WHAT IS REQUIRED –
Copy out each line of the listing that has the word "rule" in it.

STUDY MATERIAL –
━━━━━━━━━━━━━━━━━━━━

lemma gr_skew_noncentral:
  assumes "c \<in> gr_skew G star \<sigma>" "w \<in> carrier G" "\<not> central_elem G w"
  shows "c (s \<otimes> w) = - of_int (\<sigma> w) * c w"
  using gr_skew_star[OF assms(1,2)] star_canonical[OF assms(2)] assms(3)
  unfolding canonical_involution_def by simp

lemma gr_skew_shift_pair_commuting:
  fixes a b :: "'a \<Rightarrow> 'r::comm_ring_1"
  assumes four: "(4::'r) = 0" and a: "a \<in> gr_skew G star \<sigma>" and b: "b \<in> gr_skew G star \<sigma>"
    and g: "g \<in> carrier G" and y: "y \<in> carrier G" and gy: "g \<otimes> y = y \<otimes> g"
  shows "a (s \<otimes> g) * (b (s \<otimes> y) + b (s \<otimes> y)) + a g * (b y + b y) = 0"
proof -
  consider "central_elem G g" | "central_elem G y" | "\<not> central_elem G g" "\<not> central_elem G y" "central_elem G (g \<otimes> y)"
    using SLC gy g y unfolding SLC_group_def by blast
  then show ?thesis
  proof cases
    case 1
    then have "a g + a g = 0" "a (s \<otimes> g) + a (s \<otimes> g) = 0"
      using gr_skew_central[OF a] central_elem_mult[OF s_central] by blast+
    then show ?thesis
      by (simp only: distrib_left flip: distrib_right) simp
  next
    case 2
    then have "b y + b y = 0" "b (s \<otimes> y) + b (s \<otimes> y) = 0"
      using gr_skew_central[OF b] central_elem_mult[OF s_central] by blast+
    then show ?thesis by simp
  next
    case 3
    then have "\<sigma> g * \<sigma> y = 1"
      using sigma_central[of "g \<otimes> y"] g y by simp
    then have "of_int (\<sigma> g) * of_int (\<sigma> y) = (1::'r)"
      by (metis of_int_1 of_int_mult)
    have "a (s \<otimes> g) * (b (s \<otimes> y) + b (s \<otimes> y))
        = of_int (\<sigma> g) * of_int (\<sigma> y) * (a g * (b y + b y))"
      using gr_skew_noncentral[OF a g] gr_skew_noncentral[OF b y] 3 by (simp add: algebra_simps)
    then have "a (s \<otimes> g) * (b (s \<otimes> y) + b (s \<otimes> y)) = a g * (b y + b y)"
      using \<open>of_int (\<sigma> g) * of_int (\<sigma> y) = (1::'r)\<close> by simp
    then have "a (s \<otimes> g) * (b (s \<otimes> y) + b (s \<otimes> y)) + a g * (b y + b y) = 4 * (a g * b y)"
      by (simp add: algebra_simps)
    then show ?thesis using four by simp
  qed
qed

lemma gr_skew_shift_pair_noncommuting:
  fixes a b :: "'a \<Rightarrow> 'r::comm_ring_1"
  assumes four: "(4::'r) = 0" and a: "a \<in> gr_skew G star \<sigma>" and b: "b \<in> gr_skew G star \<sigma>"
    and g: "g \<in> carrier G" and y: "y \<in> carrier G" and gy: "g \<otimes> y \<noteq> y \<otimes> g"
  shows "a (s \<otimes> g) * (b (s \<otimes> y) + b y) + a g * (b y + b (s \<otimes> y)) = 0"
proof -
  have "\<not> central_elem G g" "\<not> central_elem G y"
    using gy g y central_elemD by metis+
  then have "a (s \<otimes> g) * (b (s \<otimes> y) + b y) + a g * (b y + b (s \<otimes> y))
      = of_int ((1 - \<sigma> g) * (1 - \<sigma> y)) * (a g * b y)"
    using gr_skew_noncentral[OF a g] gr_skew_noncentral[OF b y] by (simp add: algebra_simps)
  moreover have "of_int ((1 - \<sigma> g) * (1 - \<sigma> y)) = (0::'r)"
    using sigma_cases[OF g] sigma_cases[OF y] four by auto
  ultimately show ?thesis by simp
qed

lemma anticommuting_if_SLC_group:
  assumes four: "(4::'r::comm_ring_1) = 0"
  shows "anticommuting_set G (gr_skew G star \<sigma> :: ('a \<Rightarrow> 'r) set)"
  unfolding anticommuting_set_iff
proof (intro ballI)
  fix a b :: "'a \<Rightarrow> 'r" and z
  assume a: "a \<in> gr_skew G star \<sigma>" and b: "b \<in> gr_skew G star \<sigma>" and z: "z \<in> carrier G"
  show "gr_mult G a b z + gr_mult G b a z = 0"
  proof (rule gr_mult_anticommute_by_involution[where f = "\<lambda>g. s \<otimes> g"])
    show "gr_elem G a" "gr_elem G b" using a b unfolding gr_skew_def by blast+
    fix g assume g: "g \<in> carrier G"
    define y where "y = inv g \<otimes> z"
    have y: "y \<in> carrier G" and z_eq: "z = g \<otimes> y"
      using g z unfolding y_def by simp_all
    have "inv (s \<otimes> g) \<otimes> z = s \<otimes> y" "z \<otimes> inv (s \<otimes> g) = s \<otimes> (z \<otimes> inv g)"
      using central_elem_left_commute[OF s_central] central_elemD[OF s_central, of "inv g", symmetric] g z
      unfolding y_def by (simp_all add: inv_mult_group m_assoc)
    moreover have "z \<otimes> inv g = (if g \<otimes> y = y \<otimes> g then y else s \<otimes> y)"
      using SLC_group_conjugate[OF SLC g y] z_eq by simp
    ultimately show "a (s \<otimes> g) * (b (inv (s \<otimes> g) \<otimes> z) + b (z \<otimes> inv (s \<otimes> g)))
        + a g * (b (inv g \<otimes> z) + b (z \<otimes> inv g)) = 0"
      using gr_skew_shift_pair_commuting[OF four a b g y] gr_skew_shift_pair_noncommuting[OF four a b g y] y
      unfolding y_def by auto
    show "s \<otimes> g = g \<Longrightarrow> a g * (b (inv g \<otimes> z) + b (z \<otimes> inv g)) = 0"
      using SLC g unfolding SLC_group_def by simp
  qed (use z in simp_all)
qed

end

context oriented_involution
begin

theorem anticommuting_gr_skew_iff:
  assumes odd_exists: "\<exists>x\<in>carrier G. \<sigma> x = -1" and char: "CHAR('r::comm_ring_1) \<noteq> 2"
  shows "anticommuting_set G (gr_skew G star \<sigma> :: ('a \<Rightarrow> 'r) set) \<longleftrightarrow>
    CHAR('r) = 4 \<and> (\<forall>x\<in>carrier G. \<sigma> x = -1 \<longrightarrow> star x \<noteq> x) \<and>
    ((comm_group G \<and> (\<forall>n\<in>carrier G. \<sigma> n = 1 \<longrightarrow> star n = n)) \<or>
     (\<exists>s. SLC_group G s \<and> (\<forall>g\<in>carrier G. star g = canonical_involution G s g)))"
    (is "?anticomm \<longleftrightarrow> ?char4 \<and> ?odd_moved \<and> ?structure")
proof
  have two: "(2::'r) \<noteq> 0" using char by (simp add: two_neq_zero_iff_CHAR)
  obtain x where x: "x \<in> carrier G" "\<sigma> x = -1" using odd_exists by blast
  assume ac: ?anticomm
  have char4: ?char4
    using anticommuting_four_eq_0[OF ac two x] two by (simp add: CHAR_eq_4_iff)
  interpret odd_star_structure G star \<sigma> x
    using x anticommuting_odd_star_neq[OF ac two] anticommuting_odd_mult[OF ac char4]
    by unfold_locales blast+
  show "?char4 \<and> ?odd_moved \<and> ?structure"
    using char4 odd_star_neq comm_group_or_SLC_group by blast
next
  assume rhs: "?char4 \<and> ?odd_moved \<and> ?structure"
  then have four: "(4::'r) = 0" and odd_moved: "\<And>x. x \<in> carrier G \<Longrightarrow> \<sigma> x = -1 \<Longrightarrow> star x \<noteq> x"
    by (auto simp: CHAR_eq_4_iff)
  show ?anticomm
    using rhs
  proof (elim conjE disjE exE)
    assume "comm_group G" "\<forall>n\<in>carrier G. \<sigma> n = 1 \<longrightarrow> star n = n"
    then show ?anticomm
      using anticommuting_if_comm_group[OF four _ _ odd_moved] by blast
  next
    fix s assume "SLC_group G s" "\<forall>g\<in>carrier G. star g = canonical_involution G s g"
    then interpret SLC_oriented_involution G star \<sigma> s
      using odd_moved by unfold_locales blast+
    show ?anticomm by (rule anticommuting_if_SLC_group[OF four])
  qed
qed

end

theorem mainTheorem1:
  fixes G :: "('g, 'b) monoid_scheme"
    and star :: "'g \<Rightarrow> 'g"
    and \<sigma> :: "'g \<Rightarrow> int"
    and N :: "'g set"
  assumes grp: "group G"
    and inv: "group_involution G star"
    and ori: "orientation G \<sigma>"
    and nontriv: "\<exists>g\<in>carrier G. \<sigma> g \<noteq> 1"
    and N_def: "N = {g \<in> carrier G. \<sigma> g = 1}"
    and compat: "\<forall>g\<in>carrier G. \<sigma> (star g) = \<sigma> g"
    and char: "CHAR('r::comm_ring_1) \<noteq> 2"
  shows "anticommuting_set G (gr_skew G star \<sigma> :: ('g \<Rightarrow> 'r) set) \<longleftrightarrow>
      (CHAR('r) = 4 \<and> comm_group G \<and> (\<forall>x\<in>N. star x = x) \<and>
         (\<forall>x\<in>carrier G - N. star x \<noteq> x))
    \<or> (CHAR('r) = 4 \<and>
         (\<exists>s. SLC_group G s \<and> (\<forall>g\<in>carrier G. star g = canonical_involution G s g)) \<and>
         (\<forall>x\<in>carrier G - N. star x \<noteq> x))"
proof -
  interpret oriented_involution G star \<sigma>
    using grp inv ori compat by (simp add: oriented_involution_def oriented_involution_axioms_def)
  have "\<exists>x\<in>carrier G. \<sigma> x = -1"
    using nontriv sigma_cases by blast
  moreover have "x \<in> carrier G - N \<longleftrightarrow> x \<in> carrier G \<and> \<sigma> x = -1" for x
    using N_def sigma_cases by auto
  ultimately show ?thesis
    using anticommuting_gr_skew_iff[OF _ char] N_def by auto
qed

━━━━━━━━━━━━━━━━━━━━

SOLUTION TO THIS EXERCISE –
  proof (rule gr_mult_anticommute_by_involution[where f = "\<lambda>g. s \<otimes> g"])
    show ?anticomm by (rule anticommuting_if_SLC_group[OF four])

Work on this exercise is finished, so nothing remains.